Progressive voters (not necessarily Party insiders) want Stephen Harper gone in 2015.  They expect us to credibly show we can do that.  If you can honestly see Niki Ashton or Paul Dewar (seriously!!!) defeating Harper, then power to you.  No go out door-to-door with average folk (not Party members)...and not in Wolseley or the Annex...out to the suburbs in Brampton or Maple Ridge or South Winnipeg - places where we need to win seats and go and try to convince them.  Because what I'm hearing from those suburban folk whom I work and spend my days with is that they are not following the race because "the whole thing is a joke" (they usually cite the sheer number of candidates) or from the ones that are following it, "you guys would have to be idiots not to select Mulcair."

Hunky_Monkey

Winston wrote:

I've heard the same thing from my Tory friends. Actually, one Red Tory friend from Ontario asked me if we were nuts because of the media stories about Topp being the frontrunner. Said he'd even be open to voting for us with Mulcair as leader...

I know everyone has their own criteria and such for selecting a leader and I respect that but it baffles my mind how some determine their choice. Reminds me again of the Republicans in the US... shoot themselves in the foot because they want to be "pure" or find the most right-wing candidate... while the only one in the race who could possibly defeat Obama is at the back of the pack.

Winston

Hunky_Monkey wrote:
Winston wrote:
I've heard the same thing from my Tory friends. Actually, one Red Tory friend from Ontario asked me if we were nuts because of the media stories about Topp being the frontrunner. Said he'd even be open to voting for us with Mulcair as leader... I know everyone has their own criteria and such for selecting a leader and I respect that but it baffles my mind how some determine their choice. Reminds me again of the Republicans in the US... shoot themselves in the foot because they want to be "pure" or find the most right-wing candidate... while the only one in the race who could possibly defeat Obama is at the back of the pack.

One of my Liberal friends expressed the faint hope that if we "reject" Mulcair (her words), he would jump over to lead them!  If that's not an endorsement, I don't know what is.

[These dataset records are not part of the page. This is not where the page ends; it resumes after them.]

text \<open>If two drops formed an inversion, every letter to the left of the first would be smaller
  than it, which leaves too little room below it.\<close>

lemma strict_mono_on_drops: "strict_mono_on (drops n t) t"
proof (rule strict_mono_onI, rule ccontr)
  fix a b assume a: "a \<in> drops n t" and b: "b \<in> drops n t" and ab: "a < b" and "\<not> t a < t b"
  have inj: "x \<noteq> y \<Longrightarrow> t x \<noteq> t y" for x y using permutes_inj[OF t] by (auto dest: injD)
  have ba: "t b < t a" using \<open>\<not> t a < t b\<close> inj[of a b] ab by simp
  have ar: "a \<in> {1..n}" "t a < a" and br: "b \<in> {1..n}" "t b < b"
    using a b unfolding drops_def by auto
  have tb1: "1 \<le> t b" using is_perm_mem[OF permutes_is_perm[OF t] br(1)] by simp
  have "t ` {1..<a} \<subseteq> {1..<t a} - {t b}"
  proof
    fix y assume "y \<in> t ` {1..<a}"
    then obtain c where c: "c \<in> {1..<a}" "y = t c" by blast
    have "\<not> t a < t c" using avoids321D[OF av, of c a b] c ab ba br by auto
    moreover have "t c \<noteq> t a" "t c \<noteq> t b" using inj c ab by auto
    moreover have "1 \<le> t c" using is_perm_mem[OF permutes_is_perm[OF t], of c] c ar by auto
    ultimately show "y \<in> {1..<t a} - {t b}" using c by auto
  qed
  then have "card (t ` {1..<a}) \<le> card ({1..<t a} - {t b})" by (rule card_mono[rotated]) simp
  moreover have "card (t ` {1..<a}) = a - 1" using permutes_inj_on[OF t] by (simp add: card_image)
  moreover have "card ({1..<t a} - {t b}) = t a - 2" using tb1 ba by simp
  ultimately show False using ar ba tb1 by linarith
qed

My mom was telling me today about how she was trying to drum up support with her Green Party friends in suburban Toronto.  This one friend of hers told her, "Patti, I accept the fact that I will have to vote for Mulcair to get rid of Harper, but I'm not going to buy an NDP membership to make him leader!" 

AnonymousMouse

Winston wrote:

My mom was telling me today about how she was trying to drum up support with her Green Party friends in suburban Toronto.  This one friend of hers told her, "Patti, I accept the fact that I will have to vote for Mulcair to get rid of Harper, but I'm not going to buy an NDP membership to make him leader!" 

We're all going to have to get used to being on the "winning side" strategic voting-wise. I can only imagine how painful it must be for hardcore Liberal patisans to hear this sort of stuff after decades of being on the other side.

Winston

AnonymousMouse wrote:
We're all going to have to get used to being on the "winning side" strategic voting-wise. I can only imagine how painful it must be for hardcore Liberal patisans to hear this sort of stuff after decades of being on the other side.

Hopefully we accept this new reality with a modicum of humility, as well as a renewed committment to democratic reform - the Liberals didn't - and see where it got them.

NorthReport
Wilf Day

A friend says he was at a Q&A session with Thomas Mulcair in Edmonton. There were about 150 people
in attendance.
He was asked about his position on PR and his answer was that he
understands that PR is a good principle but said that it would require amending
the constitution and that he does not want to bother with constitutional
amendments.

Was anyone else here at that meeting? Did he really say that? That's terribly dismaying.
First, I suspect he knows better, but just wanted to change the topic (why?). Alternatively, he really thinks PR would require amending the constitution, in which case he has failed to find out anything about it.